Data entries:
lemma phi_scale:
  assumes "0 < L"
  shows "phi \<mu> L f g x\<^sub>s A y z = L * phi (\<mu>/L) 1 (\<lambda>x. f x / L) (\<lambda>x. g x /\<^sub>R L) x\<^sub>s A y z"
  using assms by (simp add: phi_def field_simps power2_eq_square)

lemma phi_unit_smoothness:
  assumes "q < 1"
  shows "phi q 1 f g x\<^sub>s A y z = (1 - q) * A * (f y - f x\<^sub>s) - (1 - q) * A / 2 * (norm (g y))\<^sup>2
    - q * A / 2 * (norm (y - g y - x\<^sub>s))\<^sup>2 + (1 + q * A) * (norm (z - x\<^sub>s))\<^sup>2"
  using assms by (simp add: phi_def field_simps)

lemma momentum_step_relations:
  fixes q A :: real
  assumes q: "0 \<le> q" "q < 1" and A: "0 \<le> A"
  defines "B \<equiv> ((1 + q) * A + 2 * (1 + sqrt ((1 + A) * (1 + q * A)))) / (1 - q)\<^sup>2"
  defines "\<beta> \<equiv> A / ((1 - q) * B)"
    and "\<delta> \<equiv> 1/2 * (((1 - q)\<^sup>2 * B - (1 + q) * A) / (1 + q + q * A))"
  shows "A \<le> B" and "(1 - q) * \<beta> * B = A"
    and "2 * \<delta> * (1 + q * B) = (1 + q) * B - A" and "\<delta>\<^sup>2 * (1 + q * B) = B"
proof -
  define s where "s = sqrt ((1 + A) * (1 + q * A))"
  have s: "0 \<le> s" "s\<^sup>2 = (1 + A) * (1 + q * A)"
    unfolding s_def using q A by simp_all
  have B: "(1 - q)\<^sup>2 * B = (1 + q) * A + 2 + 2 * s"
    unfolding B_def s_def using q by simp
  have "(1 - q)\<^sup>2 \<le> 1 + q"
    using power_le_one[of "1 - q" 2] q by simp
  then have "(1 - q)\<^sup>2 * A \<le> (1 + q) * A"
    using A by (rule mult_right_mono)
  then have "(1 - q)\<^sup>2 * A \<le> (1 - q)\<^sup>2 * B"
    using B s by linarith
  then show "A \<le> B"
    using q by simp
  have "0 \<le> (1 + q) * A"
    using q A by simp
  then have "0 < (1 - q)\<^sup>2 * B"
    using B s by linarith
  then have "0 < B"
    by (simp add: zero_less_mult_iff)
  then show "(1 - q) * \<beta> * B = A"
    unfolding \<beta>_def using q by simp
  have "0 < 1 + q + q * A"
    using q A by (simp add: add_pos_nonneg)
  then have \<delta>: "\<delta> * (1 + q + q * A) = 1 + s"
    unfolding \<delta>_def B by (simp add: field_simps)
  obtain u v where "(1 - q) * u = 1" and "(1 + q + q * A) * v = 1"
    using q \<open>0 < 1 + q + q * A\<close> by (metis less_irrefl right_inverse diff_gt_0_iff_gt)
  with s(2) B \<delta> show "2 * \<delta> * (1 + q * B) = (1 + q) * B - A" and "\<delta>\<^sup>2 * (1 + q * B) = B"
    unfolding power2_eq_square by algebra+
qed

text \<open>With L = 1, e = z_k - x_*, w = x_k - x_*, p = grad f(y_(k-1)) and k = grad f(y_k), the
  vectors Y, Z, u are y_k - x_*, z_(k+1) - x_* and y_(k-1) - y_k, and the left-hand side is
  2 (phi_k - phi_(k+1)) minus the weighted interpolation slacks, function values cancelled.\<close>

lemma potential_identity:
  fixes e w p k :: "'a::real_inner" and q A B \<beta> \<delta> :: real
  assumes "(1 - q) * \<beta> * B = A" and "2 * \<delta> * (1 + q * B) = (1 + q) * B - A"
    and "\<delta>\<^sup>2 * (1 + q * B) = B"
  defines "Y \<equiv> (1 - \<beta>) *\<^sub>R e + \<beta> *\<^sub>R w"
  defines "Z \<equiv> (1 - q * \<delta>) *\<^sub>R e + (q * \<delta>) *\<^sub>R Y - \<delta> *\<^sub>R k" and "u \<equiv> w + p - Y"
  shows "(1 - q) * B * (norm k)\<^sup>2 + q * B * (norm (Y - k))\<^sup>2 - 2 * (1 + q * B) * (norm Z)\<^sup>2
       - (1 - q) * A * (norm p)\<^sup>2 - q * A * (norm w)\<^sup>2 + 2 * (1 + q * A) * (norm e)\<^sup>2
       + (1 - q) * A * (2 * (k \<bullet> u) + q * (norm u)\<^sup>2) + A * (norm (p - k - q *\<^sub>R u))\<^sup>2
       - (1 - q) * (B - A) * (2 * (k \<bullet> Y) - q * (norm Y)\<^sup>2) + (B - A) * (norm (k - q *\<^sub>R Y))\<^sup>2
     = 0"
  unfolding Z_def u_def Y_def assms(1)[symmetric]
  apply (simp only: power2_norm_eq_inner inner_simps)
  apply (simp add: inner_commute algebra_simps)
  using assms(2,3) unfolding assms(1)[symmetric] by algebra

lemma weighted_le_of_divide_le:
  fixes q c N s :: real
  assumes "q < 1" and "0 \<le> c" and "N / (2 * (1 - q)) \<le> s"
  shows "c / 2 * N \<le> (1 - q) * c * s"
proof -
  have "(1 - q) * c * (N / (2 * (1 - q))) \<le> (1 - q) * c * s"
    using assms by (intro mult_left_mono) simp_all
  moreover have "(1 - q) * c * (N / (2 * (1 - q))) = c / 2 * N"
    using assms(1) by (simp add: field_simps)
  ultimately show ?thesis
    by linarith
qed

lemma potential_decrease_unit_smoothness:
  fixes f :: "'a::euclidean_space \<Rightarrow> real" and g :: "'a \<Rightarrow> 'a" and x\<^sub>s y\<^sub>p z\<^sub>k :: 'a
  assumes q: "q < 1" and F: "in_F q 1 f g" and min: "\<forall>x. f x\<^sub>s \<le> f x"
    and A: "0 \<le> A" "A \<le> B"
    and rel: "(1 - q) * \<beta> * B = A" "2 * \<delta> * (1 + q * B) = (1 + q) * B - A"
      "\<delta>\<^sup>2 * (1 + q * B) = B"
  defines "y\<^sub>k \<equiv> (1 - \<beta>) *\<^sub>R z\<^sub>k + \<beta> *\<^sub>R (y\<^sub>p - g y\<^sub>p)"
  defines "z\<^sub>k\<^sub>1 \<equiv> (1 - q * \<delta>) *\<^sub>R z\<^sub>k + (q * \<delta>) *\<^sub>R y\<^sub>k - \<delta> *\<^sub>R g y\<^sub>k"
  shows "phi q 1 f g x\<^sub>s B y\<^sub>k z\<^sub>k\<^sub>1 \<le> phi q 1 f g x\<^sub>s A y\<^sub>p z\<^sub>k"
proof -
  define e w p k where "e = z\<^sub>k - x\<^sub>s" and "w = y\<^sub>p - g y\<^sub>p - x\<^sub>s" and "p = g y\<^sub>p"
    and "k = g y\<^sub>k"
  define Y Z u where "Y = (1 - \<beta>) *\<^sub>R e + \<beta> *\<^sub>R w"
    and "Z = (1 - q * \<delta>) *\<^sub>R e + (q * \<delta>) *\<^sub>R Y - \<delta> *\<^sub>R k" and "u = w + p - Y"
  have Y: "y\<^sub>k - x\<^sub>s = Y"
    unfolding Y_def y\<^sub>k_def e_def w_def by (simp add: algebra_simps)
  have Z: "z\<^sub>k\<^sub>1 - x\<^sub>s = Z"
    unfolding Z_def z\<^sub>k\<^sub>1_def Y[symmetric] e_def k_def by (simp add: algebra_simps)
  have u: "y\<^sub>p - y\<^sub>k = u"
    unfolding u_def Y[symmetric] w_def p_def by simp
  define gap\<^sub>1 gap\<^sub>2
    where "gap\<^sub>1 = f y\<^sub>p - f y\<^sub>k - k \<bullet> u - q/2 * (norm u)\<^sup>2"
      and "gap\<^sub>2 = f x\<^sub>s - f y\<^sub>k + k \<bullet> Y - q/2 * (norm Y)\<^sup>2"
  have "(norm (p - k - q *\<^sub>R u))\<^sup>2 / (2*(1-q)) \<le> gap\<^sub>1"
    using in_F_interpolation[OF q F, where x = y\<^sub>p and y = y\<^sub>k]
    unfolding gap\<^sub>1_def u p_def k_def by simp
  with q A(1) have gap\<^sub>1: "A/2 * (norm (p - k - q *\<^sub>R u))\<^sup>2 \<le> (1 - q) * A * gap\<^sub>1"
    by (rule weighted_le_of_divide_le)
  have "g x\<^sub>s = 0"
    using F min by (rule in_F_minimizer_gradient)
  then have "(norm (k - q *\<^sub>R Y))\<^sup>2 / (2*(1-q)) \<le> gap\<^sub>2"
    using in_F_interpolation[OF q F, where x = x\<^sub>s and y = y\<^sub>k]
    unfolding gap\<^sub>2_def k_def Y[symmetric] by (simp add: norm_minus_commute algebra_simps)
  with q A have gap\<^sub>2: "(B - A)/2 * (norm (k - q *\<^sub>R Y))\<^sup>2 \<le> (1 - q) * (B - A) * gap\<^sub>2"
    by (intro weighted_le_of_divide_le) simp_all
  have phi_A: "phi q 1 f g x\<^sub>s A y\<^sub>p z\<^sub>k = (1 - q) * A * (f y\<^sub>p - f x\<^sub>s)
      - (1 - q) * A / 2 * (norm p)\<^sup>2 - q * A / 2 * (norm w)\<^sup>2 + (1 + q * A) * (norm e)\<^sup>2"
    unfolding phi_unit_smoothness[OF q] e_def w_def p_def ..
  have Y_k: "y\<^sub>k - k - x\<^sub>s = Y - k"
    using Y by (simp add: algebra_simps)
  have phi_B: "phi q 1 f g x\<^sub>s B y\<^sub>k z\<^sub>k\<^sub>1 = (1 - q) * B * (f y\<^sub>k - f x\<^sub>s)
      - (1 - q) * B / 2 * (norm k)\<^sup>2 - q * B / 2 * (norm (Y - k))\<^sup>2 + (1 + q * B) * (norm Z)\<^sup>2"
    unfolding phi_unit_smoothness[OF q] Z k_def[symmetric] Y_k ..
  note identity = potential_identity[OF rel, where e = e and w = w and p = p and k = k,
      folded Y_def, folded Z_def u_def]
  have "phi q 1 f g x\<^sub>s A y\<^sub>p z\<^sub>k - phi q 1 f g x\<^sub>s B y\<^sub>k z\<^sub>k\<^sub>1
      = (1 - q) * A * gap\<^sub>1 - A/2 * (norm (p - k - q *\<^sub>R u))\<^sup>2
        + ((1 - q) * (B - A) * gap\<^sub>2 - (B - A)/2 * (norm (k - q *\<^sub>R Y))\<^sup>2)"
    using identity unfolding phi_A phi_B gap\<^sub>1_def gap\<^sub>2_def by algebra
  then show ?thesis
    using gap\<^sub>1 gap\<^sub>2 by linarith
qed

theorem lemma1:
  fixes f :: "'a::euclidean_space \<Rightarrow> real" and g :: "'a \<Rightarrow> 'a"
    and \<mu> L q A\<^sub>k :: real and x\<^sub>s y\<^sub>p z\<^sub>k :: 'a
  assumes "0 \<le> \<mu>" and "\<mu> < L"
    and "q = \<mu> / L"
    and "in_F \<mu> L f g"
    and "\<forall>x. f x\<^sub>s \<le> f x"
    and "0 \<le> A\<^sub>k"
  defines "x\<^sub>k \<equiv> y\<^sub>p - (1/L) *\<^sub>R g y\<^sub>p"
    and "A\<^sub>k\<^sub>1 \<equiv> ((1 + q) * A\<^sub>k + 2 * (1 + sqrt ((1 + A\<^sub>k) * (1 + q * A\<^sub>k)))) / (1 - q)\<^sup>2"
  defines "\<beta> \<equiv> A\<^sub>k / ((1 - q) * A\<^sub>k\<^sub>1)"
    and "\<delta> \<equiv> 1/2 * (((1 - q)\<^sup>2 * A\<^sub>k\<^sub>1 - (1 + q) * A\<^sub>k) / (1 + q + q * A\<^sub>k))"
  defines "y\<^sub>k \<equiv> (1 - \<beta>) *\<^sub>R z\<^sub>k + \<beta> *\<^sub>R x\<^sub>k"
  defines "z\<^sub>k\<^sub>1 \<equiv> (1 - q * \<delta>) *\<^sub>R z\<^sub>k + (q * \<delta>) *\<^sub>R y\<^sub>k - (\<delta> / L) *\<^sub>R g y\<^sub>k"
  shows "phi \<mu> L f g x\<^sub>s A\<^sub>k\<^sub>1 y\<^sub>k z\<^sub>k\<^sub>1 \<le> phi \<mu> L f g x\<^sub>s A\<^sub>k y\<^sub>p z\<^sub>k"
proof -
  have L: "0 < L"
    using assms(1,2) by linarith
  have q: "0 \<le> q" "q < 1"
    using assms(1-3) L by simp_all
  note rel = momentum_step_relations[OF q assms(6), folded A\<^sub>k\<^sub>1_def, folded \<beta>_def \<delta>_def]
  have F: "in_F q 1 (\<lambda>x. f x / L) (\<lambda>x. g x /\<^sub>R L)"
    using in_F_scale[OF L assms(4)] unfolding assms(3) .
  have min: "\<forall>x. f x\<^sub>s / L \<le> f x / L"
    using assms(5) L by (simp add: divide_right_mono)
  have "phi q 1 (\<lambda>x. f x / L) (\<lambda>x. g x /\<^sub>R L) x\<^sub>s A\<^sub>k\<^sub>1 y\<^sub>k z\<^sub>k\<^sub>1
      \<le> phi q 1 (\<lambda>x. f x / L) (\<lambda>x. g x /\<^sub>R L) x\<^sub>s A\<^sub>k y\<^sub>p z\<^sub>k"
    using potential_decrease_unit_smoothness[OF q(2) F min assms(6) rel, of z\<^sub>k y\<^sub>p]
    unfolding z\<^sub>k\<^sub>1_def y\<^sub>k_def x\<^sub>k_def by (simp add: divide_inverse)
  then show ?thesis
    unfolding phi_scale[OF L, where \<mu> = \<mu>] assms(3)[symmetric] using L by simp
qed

==

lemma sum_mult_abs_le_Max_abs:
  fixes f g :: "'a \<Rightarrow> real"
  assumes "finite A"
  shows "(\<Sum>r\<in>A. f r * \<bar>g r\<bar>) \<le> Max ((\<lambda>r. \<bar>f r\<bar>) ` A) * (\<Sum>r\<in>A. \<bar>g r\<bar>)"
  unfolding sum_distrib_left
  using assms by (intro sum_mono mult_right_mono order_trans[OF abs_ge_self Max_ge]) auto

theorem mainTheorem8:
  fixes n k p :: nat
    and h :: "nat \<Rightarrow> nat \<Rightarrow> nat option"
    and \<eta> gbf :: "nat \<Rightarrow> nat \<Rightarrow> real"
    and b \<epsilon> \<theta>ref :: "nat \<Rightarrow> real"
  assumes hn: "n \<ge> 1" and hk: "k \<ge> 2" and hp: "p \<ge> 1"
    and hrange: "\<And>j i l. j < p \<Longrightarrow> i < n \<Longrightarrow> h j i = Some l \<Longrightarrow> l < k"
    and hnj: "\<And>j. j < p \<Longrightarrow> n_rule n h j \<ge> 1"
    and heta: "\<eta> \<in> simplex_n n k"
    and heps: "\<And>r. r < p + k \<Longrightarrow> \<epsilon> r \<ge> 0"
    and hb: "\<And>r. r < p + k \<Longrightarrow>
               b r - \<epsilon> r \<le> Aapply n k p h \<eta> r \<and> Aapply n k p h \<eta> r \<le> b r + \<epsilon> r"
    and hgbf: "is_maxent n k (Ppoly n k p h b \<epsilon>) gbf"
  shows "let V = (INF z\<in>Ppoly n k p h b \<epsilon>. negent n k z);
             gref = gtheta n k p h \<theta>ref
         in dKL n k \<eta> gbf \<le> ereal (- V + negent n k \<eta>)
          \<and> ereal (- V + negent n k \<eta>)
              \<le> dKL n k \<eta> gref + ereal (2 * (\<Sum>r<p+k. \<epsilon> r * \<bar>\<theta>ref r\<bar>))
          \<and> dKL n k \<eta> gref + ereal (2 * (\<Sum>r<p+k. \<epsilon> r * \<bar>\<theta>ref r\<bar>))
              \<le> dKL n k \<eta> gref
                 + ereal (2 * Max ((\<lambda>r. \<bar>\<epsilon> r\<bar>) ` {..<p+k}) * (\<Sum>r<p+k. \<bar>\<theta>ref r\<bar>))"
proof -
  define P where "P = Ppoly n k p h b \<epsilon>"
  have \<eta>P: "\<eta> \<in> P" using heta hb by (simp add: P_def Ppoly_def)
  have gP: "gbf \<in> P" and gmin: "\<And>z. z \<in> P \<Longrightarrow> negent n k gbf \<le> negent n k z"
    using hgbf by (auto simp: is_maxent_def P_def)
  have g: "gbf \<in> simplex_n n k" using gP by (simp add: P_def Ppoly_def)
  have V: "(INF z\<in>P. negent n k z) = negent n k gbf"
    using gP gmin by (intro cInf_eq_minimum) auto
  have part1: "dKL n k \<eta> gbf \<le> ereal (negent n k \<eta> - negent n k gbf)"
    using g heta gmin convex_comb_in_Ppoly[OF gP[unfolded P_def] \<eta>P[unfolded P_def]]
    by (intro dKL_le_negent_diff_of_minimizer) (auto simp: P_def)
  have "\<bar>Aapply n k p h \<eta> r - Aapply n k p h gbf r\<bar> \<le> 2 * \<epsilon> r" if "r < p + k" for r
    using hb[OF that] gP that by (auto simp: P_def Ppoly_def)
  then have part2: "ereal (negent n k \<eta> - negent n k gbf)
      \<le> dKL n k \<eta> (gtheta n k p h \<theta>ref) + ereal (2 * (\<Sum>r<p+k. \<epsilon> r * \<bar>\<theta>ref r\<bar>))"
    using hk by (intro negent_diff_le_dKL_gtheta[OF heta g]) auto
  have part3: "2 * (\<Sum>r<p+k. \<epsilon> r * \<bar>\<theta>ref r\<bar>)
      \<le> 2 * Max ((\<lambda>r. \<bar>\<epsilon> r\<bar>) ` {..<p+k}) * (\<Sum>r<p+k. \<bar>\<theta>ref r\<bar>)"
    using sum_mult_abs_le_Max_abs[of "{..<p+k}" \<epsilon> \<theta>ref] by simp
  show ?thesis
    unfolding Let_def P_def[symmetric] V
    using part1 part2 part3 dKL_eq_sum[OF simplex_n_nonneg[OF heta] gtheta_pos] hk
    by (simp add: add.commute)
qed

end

What is required. Copy out each line of the data above, exactly, if it lies between the line holding "- (1 - q) * A * (norm" and the line holding "using assms by (intro mult_left_mono)", inclusive; copy no other line.

Response below.
       - (1 - q) * A * (norm p)\<^sup>2 - q * A * (norm w)\<^sup>2 + 2 * (1 + q * A) * (norm e)\<^sup>2
       + (1 - q) * A * (2 * (k \<bullet> u) + q * (norm u)\<^sup>2) + A * (norm (p - k - q *\<^sub>R u))\<^sup>2
       - (1 - q) * (B - A) * (2 * (k \<bullet> Y) - q * (norm Y)\<^sup>2) + (B - A) * (norm (k - q *\<^sub>R Y))\<^sup>2
     = 0"
  unfolding Z_def u_def Y_def assms(1)[symmetric]
  apply (simp only: power2_norm_eq_inner inner_simps)
  apply (simp add: inner_commute algebra_simps)
  using assms(2,3) unfolding assms(1)[symmetric] by algebra

lemma weighted_le_of_divide_le:
  fixes q c N s :: real
  assumes "q < 1" and "0 \<le> c" and "N / (2 * (1 - q)) \<le> s"
  shows "c / 2 * N \<le> (1 - q) * c * s"
proof -
  have "(1 - q) * c * (N / (2 * (1 - q))) \<le> (1 - q) * c * s"
    using assms by (intro mult_left_mono) simp_all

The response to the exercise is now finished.